EXERCISE AIM :: Tally the lines below that contain "True". The number is the whole answer.

══ PROVIDED INFORMATION

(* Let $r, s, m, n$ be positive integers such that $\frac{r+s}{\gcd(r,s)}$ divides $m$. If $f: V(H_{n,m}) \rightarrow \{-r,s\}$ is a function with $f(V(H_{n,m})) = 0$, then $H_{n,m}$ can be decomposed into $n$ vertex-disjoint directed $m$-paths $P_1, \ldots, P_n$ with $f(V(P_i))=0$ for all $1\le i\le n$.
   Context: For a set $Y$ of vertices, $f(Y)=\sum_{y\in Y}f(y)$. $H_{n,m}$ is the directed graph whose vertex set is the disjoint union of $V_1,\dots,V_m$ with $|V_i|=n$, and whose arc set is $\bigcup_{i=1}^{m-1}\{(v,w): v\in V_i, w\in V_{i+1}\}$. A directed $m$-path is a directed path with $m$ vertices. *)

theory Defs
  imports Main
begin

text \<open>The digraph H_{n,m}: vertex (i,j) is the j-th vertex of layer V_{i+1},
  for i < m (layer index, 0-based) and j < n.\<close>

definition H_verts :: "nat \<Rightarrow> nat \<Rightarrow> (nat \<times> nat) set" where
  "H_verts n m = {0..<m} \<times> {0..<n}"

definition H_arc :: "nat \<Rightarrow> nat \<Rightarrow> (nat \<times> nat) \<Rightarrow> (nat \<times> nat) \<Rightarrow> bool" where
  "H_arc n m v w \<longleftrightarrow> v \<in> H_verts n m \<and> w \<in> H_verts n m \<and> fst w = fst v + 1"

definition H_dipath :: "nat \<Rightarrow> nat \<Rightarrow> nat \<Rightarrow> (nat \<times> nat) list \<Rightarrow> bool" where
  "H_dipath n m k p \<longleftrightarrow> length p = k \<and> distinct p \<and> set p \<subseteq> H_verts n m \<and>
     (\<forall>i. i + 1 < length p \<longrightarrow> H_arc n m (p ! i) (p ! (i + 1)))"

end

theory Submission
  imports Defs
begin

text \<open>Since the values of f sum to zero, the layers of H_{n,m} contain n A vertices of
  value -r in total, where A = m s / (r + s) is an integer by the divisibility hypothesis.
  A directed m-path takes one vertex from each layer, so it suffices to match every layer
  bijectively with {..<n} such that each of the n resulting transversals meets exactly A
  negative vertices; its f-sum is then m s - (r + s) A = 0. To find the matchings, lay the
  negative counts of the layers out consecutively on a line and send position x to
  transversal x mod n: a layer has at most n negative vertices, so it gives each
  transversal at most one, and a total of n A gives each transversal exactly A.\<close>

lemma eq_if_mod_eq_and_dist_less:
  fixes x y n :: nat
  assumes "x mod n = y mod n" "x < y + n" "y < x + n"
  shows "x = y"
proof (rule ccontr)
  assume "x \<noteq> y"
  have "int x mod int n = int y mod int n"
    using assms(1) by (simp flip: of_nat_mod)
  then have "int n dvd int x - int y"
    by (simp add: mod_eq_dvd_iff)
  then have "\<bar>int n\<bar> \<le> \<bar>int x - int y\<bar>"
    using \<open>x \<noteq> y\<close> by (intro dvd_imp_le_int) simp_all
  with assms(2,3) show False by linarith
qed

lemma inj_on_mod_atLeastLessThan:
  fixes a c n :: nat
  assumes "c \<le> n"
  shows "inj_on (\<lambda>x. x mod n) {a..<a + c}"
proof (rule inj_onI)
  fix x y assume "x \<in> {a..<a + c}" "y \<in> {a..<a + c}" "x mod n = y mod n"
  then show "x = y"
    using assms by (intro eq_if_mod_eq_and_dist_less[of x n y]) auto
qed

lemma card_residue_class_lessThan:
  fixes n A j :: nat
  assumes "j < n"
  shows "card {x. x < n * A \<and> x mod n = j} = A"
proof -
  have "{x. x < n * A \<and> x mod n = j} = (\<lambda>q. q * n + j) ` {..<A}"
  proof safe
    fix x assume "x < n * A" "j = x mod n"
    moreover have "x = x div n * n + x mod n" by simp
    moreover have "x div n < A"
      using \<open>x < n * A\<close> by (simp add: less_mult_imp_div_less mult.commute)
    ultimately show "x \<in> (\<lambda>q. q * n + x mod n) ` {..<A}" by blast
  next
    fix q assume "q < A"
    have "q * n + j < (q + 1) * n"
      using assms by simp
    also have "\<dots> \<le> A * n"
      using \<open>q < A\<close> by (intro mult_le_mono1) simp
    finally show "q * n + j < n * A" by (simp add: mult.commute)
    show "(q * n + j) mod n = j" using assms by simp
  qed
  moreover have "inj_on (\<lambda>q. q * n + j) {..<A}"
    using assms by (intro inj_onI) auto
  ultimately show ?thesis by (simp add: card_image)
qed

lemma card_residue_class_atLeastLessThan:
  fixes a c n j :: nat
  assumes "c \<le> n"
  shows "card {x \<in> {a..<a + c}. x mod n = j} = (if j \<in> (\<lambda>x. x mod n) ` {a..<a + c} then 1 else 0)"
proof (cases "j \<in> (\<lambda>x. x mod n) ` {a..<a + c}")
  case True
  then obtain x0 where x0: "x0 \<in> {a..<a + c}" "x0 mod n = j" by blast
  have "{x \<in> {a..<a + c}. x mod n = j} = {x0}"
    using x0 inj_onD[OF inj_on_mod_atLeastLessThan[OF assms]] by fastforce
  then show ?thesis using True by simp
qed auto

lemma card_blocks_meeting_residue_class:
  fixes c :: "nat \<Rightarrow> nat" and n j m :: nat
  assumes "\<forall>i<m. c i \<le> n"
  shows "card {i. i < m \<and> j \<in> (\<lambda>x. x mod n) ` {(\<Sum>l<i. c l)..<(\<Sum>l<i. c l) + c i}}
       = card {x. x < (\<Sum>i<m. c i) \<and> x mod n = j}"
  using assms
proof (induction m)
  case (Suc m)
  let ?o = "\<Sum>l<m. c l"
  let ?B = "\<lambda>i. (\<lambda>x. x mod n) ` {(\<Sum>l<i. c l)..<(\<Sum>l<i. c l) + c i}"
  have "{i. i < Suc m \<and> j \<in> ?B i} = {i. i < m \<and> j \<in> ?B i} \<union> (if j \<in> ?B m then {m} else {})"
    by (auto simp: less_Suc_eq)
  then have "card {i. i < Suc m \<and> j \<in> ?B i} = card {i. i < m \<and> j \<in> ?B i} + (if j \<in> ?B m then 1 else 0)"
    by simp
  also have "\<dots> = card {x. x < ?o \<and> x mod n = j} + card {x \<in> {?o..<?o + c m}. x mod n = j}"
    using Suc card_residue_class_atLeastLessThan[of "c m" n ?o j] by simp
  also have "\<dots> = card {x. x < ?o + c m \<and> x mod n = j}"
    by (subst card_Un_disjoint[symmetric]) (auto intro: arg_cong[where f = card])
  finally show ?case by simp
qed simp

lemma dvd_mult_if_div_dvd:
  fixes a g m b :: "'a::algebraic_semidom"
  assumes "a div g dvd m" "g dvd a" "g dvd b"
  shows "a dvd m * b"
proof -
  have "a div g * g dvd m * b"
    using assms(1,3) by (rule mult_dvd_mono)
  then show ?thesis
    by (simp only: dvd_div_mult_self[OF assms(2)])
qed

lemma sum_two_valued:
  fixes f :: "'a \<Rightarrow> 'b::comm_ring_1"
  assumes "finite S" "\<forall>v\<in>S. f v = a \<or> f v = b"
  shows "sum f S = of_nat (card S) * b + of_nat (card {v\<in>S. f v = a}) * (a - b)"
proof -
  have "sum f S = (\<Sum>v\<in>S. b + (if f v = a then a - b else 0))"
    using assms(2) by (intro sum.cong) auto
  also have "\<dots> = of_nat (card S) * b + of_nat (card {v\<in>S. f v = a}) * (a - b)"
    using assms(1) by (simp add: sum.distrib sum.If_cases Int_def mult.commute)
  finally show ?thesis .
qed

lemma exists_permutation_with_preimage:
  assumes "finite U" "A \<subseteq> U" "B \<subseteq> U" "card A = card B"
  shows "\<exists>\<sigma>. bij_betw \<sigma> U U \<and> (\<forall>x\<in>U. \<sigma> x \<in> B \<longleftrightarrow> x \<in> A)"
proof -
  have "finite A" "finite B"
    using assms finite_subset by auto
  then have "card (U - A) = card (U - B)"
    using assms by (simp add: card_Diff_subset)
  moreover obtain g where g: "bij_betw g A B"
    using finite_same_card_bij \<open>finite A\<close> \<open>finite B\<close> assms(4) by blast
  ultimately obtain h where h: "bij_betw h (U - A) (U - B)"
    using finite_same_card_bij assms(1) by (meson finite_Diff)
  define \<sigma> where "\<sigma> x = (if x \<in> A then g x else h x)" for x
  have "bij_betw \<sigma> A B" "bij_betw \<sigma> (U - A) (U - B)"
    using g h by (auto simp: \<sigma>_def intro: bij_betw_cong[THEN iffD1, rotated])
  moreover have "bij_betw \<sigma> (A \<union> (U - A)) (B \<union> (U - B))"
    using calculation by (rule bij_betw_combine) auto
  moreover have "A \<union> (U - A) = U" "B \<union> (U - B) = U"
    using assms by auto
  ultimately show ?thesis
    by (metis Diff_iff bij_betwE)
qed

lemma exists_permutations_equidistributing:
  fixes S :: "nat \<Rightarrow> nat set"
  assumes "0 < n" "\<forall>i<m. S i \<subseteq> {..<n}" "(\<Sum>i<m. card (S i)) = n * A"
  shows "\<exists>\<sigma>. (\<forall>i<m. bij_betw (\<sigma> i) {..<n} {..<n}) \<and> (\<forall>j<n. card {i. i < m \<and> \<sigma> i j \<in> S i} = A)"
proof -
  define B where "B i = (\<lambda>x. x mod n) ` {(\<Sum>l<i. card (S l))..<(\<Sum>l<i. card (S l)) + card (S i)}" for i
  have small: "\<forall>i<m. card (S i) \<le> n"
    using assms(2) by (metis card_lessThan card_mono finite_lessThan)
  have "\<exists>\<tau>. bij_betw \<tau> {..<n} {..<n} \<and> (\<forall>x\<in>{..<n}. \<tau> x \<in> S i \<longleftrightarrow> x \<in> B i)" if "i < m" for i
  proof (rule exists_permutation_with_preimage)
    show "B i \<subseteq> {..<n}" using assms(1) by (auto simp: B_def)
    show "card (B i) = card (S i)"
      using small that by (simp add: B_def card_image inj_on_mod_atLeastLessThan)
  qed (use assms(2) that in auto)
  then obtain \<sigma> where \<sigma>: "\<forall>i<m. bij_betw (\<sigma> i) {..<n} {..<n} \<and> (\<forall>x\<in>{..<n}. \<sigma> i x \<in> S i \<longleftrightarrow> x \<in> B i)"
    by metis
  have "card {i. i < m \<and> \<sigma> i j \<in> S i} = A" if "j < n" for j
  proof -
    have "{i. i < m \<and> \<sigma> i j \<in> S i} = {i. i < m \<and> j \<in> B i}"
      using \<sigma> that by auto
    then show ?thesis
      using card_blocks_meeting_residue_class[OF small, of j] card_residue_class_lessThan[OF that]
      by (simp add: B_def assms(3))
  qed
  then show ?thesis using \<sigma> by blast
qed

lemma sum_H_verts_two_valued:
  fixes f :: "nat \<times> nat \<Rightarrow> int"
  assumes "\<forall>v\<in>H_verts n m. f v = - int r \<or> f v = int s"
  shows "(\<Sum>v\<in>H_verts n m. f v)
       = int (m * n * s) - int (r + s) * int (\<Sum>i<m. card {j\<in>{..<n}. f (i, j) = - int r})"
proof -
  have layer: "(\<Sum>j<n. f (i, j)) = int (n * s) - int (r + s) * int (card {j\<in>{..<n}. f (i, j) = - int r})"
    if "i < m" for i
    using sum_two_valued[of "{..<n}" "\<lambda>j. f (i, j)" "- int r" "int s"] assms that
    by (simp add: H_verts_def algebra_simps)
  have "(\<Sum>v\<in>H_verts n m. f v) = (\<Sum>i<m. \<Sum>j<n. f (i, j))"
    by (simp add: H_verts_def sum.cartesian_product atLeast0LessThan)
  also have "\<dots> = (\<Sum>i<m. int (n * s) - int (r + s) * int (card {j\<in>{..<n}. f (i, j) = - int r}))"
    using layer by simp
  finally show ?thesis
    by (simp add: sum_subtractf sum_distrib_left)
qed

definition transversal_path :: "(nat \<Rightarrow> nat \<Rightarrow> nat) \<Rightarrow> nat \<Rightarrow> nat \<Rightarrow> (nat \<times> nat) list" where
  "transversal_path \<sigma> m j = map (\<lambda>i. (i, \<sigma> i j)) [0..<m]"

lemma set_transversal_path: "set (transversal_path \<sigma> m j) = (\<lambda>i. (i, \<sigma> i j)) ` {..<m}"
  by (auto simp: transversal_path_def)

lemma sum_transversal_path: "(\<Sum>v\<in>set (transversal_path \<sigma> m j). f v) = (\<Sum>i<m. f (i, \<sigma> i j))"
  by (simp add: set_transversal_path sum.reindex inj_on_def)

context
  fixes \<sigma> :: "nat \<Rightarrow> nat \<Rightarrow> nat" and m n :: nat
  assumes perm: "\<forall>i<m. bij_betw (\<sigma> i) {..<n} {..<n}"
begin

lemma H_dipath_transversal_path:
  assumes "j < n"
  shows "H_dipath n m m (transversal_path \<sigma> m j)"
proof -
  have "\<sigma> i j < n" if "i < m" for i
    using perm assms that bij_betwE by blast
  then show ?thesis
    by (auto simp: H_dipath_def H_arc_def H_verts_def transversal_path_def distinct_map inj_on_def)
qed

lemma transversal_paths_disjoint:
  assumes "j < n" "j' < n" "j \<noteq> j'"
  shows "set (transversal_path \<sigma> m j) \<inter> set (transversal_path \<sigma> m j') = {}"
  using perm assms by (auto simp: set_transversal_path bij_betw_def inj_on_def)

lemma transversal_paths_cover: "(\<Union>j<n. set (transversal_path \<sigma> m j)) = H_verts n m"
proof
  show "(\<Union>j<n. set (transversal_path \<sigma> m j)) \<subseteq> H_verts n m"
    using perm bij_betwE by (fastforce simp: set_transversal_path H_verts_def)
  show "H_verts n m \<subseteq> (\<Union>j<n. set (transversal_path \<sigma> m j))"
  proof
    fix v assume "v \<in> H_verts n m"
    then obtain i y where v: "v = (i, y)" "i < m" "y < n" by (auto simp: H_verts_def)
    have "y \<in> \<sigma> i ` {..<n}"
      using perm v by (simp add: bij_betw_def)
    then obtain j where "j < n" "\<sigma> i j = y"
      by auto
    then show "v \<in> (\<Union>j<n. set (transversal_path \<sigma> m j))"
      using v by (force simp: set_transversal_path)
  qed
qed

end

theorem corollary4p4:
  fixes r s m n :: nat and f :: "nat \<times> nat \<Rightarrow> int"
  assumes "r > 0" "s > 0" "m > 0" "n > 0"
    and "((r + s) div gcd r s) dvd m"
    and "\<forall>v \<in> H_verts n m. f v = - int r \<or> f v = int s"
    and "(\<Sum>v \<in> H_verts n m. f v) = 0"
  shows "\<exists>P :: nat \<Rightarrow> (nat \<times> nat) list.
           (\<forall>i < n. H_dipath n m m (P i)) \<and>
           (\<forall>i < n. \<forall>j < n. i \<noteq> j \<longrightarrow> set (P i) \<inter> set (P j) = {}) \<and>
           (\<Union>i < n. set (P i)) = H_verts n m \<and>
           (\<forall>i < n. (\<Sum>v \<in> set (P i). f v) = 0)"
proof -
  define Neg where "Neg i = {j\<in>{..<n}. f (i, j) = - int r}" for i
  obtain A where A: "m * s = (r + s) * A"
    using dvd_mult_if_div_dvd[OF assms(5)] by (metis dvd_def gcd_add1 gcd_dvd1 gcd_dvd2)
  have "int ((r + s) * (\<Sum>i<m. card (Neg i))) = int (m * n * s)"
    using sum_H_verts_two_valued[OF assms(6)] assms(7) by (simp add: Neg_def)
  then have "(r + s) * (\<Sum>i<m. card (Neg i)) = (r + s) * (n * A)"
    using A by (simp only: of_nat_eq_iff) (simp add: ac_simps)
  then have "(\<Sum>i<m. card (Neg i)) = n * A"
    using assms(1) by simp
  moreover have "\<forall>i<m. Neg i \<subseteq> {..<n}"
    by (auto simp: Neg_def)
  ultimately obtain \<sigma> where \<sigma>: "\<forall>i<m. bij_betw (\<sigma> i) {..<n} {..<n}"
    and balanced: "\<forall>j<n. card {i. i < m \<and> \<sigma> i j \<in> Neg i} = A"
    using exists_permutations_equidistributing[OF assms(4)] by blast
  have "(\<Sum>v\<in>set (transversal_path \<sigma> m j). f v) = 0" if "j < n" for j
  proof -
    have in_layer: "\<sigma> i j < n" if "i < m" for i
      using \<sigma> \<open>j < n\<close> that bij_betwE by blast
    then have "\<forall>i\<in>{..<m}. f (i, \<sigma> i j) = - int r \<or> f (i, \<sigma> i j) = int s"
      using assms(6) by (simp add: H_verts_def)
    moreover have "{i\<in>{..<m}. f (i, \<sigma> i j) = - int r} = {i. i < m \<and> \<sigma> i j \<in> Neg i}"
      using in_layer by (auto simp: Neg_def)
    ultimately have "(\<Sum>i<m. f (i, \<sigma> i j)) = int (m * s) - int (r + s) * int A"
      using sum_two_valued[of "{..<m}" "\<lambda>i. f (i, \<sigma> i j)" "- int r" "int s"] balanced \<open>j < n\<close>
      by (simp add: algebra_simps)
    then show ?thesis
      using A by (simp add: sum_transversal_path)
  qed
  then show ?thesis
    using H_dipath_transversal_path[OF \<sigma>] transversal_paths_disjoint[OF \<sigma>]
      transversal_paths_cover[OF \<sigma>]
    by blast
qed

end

════
══ PROVIDED INFORMATION

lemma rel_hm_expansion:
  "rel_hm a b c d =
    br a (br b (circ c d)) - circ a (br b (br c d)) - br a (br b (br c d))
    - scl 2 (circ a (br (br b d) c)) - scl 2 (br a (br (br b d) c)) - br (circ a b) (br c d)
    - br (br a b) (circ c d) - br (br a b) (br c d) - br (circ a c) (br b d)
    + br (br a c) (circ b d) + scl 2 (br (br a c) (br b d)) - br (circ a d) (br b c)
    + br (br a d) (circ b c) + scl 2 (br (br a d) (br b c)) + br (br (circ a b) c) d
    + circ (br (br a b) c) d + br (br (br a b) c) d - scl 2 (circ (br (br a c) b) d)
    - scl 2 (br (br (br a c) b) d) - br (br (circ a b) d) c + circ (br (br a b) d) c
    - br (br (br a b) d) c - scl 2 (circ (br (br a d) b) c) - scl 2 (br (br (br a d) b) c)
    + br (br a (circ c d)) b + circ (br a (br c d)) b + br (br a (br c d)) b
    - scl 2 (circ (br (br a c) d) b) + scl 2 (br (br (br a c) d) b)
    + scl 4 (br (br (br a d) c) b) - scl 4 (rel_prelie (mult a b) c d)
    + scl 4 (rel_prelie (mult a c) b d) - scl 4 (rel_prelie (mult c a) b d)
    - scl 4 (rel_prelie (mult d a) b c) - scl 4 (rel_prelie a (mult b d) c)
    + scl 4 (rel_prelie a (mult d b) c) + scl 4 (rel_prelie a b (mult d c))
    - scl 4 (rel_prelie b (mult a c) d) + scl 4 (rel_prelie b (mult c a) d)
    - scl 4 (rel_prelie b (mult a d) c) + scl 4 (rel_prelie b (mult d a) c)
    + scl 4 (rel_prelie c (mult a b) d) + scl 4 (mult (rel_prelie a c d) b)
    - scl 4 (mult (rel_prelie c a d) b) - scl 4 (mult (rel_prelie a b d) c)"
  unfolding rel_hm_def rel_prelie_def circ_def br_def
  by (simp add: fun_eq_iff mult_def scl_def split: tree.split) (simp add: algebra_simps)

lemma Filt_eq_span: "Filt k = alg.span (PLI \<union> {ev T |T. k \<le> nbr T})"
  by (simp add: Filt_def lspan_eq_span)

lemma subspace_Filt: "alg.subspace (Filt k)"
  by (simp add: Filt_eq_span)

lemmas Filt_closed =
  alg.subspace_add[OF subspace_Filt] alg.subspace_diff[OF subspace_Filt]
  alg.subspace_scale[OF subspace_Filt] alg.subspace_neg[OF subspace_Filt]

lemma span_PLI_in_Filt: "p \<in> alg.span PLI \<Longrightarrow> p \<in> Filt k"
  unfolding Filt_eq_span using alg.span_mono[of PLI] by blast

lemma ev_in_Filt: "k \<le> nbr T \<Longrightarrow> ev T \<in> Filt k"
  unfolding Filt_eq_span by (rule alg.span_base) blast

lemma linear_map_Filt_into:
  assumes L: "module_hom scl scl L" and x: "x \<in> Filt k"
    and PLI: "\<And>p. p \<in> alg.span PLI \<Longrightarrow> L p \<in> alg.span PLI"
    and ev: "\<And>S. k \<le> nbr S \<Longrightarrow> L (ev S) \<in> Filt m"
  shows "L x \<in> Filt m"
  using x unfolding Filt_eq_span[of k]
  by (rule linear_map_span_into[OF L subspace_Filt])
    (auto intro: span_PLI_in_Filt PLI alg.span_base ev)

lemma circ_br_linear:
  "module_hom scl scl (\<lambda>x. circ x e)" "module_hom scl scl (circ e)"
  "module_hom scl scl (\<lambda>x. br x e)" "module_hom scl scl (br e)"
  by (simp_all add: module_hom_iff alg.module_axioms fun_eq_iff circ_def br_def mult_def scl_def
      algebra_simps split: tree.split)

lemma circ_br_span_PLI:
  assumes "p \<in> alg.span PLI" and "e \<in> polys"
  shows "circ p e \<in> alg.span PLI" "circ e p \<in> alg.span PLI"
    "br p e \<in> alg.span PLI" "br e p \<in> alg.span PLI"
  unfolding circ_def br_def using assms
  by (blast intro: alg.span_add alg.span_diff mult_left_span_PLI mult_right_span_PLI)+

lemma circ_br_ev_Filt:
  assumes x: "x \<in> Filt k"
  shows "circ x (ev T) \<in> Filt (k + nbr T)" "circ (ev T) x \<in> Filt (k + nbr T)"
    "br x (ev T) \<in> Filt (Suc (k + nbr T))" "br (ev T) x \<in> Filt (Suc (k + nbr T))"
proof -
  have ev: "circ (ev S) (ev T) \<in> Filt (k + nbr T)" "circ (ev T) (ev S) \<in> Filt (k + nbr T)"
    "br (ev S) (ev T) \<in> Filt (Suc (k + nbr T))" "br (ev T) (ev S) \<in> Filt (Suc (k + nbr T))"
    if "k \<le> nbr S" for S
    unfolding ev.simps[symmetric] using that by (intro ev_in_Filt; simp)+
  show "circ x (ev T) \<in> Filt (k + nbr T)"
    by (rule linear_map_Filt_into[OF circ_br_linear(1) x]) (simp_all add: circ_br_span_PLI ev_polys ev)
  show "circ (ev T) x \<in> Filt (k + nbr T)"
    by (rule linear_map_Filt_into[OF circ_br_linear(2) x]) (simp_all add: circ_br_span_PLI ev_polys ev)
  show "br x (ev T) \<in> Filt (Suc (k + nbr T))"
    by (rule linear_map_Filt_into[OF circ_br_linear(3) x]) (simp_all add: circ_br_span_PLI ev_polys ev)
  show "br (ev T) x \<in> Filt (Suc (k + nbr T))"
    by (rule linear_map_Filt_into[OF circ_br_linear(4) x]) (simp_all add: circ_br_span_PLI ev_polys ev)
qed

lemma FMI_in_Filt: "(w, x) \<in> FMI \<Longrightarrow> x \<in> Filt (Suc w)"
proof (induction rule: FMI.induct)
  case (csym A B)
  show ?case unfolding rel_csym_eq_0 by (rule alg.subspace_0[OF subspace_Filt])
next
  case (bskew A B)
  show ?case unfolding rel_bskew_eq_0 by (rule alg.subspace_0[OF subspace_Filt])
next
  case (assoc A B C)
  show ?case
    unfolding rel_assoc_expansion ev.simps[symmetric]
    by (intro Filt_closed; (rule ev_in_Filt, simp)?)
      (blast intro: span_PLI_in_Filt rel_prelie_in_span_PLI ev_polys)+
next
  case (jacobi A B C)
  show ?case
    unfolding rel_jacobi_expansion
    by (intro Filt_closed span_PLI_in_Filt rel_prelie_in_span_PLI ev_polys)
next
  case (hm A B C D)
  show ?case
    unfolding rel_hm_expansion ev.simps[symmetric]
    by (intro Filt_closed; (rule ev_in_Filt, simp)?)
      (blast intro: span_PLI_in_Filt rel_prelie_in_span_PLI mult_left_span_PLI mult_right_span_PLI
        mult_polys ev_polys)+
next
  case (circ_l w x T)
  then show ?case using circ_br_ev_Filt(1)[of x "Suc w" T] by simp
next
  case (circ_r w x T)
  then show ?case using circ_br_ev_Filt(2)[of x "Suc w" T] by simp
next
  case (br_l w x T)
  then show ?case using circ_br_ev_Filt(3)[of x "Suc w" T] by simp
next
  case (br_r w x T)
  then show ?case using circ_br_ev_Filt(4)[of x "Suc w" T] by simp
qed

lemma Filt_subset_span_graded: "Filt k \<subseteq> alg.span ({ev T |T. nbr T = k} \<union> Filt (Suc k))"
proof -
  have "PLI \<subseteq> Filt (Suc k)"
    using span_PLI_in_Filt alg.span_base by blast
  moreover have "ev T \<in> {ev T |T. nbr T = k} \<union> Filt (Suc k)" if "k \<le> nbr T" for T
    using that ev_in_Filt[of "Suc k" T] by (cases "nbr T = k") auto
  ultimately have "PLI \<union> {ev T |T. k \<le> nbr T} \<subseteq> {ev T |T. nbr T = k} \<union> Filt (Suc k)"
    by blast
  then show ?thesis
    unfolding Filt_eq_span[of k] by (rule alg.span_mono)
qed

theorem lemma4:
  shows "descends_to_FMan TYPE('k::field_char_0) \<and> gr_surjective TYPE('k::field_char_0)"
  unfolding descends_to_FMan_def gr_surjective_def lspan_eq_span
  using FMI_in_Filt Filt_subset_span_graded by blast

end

════

EXERCISE OUTPUT :: 2